▸ PROBLEM TO WORK ON: In the data below, find the line that contains "coordinates are indexed" and the line that contains "nat \<Rightarrow> nat". Copy both, plus every line between them, exactly.

━━ DATA RECORDS

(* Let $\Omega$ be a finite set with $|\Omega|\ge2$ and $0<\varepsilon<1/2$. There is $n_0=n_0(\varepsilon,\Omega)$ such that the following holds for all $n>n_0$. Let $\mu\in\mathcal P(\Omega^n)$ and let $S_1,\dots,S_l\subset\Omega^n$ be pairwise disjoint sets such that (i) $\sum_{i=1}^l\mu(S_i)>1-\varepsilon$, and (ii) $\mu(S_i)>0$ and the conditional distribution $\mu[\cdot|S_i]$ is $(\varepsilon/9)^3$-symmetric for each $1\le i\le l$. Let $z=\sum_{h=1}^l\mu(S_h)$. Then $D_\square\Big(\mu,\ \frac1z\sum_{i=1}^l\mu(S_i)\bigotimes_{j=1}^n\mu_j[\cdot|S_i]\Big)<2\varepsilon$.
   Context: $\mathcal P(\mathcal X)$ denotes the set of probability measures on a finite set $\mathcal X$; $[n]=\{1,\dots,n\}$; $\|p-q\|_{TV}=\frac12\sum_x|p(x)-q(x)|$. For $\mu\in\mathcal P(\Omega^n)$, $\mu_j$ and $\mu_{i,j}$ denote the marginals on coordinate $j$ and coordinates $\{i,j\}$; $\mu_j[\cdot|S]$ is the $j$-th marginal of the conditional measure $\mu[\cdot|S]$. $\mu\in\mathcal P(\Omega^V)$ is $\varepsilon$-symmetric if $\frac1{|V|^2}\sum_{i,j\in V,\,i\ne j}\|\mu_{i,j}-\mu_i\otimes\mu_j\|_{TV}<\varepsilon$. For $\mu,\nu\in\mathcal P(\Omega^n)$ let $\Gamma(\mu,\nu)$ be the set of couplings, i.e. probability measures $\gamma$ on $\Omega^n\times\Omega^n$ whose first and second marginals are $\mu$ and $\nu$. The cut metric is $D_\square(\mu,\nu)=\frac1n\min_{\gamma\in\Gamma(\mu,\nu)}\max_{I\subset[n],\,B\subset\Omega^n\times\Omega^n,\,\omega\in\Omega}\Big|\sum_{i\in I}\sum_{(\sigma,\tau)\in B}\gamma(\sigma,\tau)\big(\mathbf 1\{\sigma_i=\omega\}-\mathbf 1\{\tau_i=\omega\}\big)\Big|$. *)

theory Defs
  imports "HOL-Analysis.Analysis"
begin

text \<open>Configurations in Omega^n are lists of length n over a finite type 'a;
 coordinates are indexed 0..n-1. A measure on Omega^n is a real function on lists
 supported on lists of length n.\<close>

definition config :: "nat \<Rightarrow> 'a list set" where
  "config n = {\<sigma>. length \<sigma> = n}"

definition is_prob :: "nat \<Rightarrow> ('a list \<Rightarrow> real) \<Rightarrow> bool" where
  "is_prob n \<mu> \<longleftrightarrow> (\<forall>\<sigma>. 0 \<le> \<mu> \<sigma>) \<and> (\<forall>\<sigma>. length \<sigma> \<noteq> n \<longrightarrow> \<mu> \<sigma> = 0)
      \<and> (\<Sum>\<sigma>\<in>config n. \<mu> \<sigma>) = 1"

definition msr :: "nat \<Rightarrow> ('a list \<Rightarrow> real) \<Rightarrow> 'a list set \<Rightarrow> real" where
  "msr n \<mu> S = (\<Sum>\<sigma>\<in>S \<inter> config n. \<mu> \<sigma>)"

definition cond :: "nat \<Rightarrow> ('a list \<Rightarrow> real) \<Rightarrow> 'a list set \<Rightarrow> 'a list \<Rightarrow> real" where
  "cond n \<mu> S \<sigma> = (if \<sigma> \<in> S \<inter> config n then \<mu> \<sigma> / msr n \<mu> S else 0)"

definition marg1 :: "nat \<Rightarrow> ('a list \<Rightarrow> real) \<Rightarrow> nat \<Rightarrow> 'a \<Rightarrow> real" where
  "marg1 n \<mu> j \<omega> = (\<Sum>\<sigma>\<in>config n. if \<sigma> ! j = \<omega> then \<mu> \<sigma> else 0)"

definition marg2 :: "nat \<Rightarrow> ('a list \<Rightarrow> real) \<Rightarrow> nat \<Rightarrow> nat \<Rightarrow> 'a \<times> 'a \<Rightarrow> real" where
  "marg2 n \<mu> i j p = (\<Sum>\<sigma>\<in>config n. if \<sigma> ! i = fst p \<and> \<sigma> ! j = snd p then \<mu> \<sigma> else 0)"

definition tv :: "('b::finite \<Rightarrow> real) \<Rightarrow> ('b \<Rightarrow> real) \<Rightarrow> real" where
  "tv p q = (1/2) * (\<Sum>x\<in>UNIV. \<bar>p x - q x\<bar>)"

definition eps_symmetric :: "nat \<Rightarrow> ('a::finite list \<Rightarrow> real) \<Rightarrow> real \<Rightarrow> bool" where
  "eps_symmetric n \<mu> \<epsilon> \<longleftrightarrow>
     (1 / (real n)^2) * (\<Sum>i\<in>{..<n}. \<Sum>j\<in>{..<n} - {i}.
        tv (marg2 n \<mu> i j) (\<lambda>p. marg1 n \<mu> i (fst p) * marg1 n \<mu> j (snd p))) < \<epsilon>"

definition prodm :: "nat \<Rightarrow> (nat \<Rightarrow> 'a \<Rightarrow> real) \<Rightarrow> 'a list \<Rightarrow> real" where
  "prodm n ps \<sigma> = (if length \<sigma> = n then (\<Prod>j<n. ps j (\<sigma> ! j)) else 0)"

━━━━

▸ TASK OUTPUT:
 coordinates are indexed 0..n-1. A measure on Omega^n is a real function on lists
 supported on lists of length n.\<close>

definition config :: "nat \<Rightarrow> 'a list set" where
  "config n = {\<sigma>. length \<sigma> = n}"

definition is_prob :: "nat \<Rightarrow> ('a list \<Rightarrow> real) \<Rightarrow> bool" where
  "is_prob n \<mu> \<longleftrightarrow> (\<forall>\<sigma>. 0 \<le> \<mu> \<sigma>) \<and> (\<forall>\<sigma>. length \<sigma> \<noteq> n \<longrightarrow> \<mu> \<sigma> = 0)
      \<and> (\<Sum>\<sigma>\<in>config n. \<mu> \<sigma>) = 1"

definition msr :: "nat \<Rightarrow> ('a list \<Rightarrow> real) \<Rightarrow> 'a list set \<Rightarrow> real" where
  "msr n \<mu> S = (\<Sum>\<sigma>\<in>S \<inter> config n. \<mu> \<sigma>)"

definition cond :: "nat \<Rightarrow> ('a list \<Rightarrow> real) \<Rightarrow> 'a list set \<Rightarrow> 'a list \<Rightarrow> real" where
  "cond n \<mu> S \<sigma> = (if \<sigma> \<in> S \<inter> config n then \<mu> \<sigma> / msr n \<mu> S else 0)"

definition marg1 :: "nat \<Rightarrow> ('a list \<Rightarrow> real) \<Rightarrow> nat \<Rightarrow> 'a \<Rightarrow> real" where
  "marg1 n \<mu> j \<omega> = (\<Sum>\<sigma>\<in>config n. if \<sigma> ! j = \<omega> then \<mu> \<sigma> else 0)"

definition marg2 :: "nat \<Rightarrow> ('a list \<Rightarrow> real) \<Rightarrow> nat \<Rightarrow> nat \<Rightarrow> 'a \<times> 'a \<Rightarrow> real" where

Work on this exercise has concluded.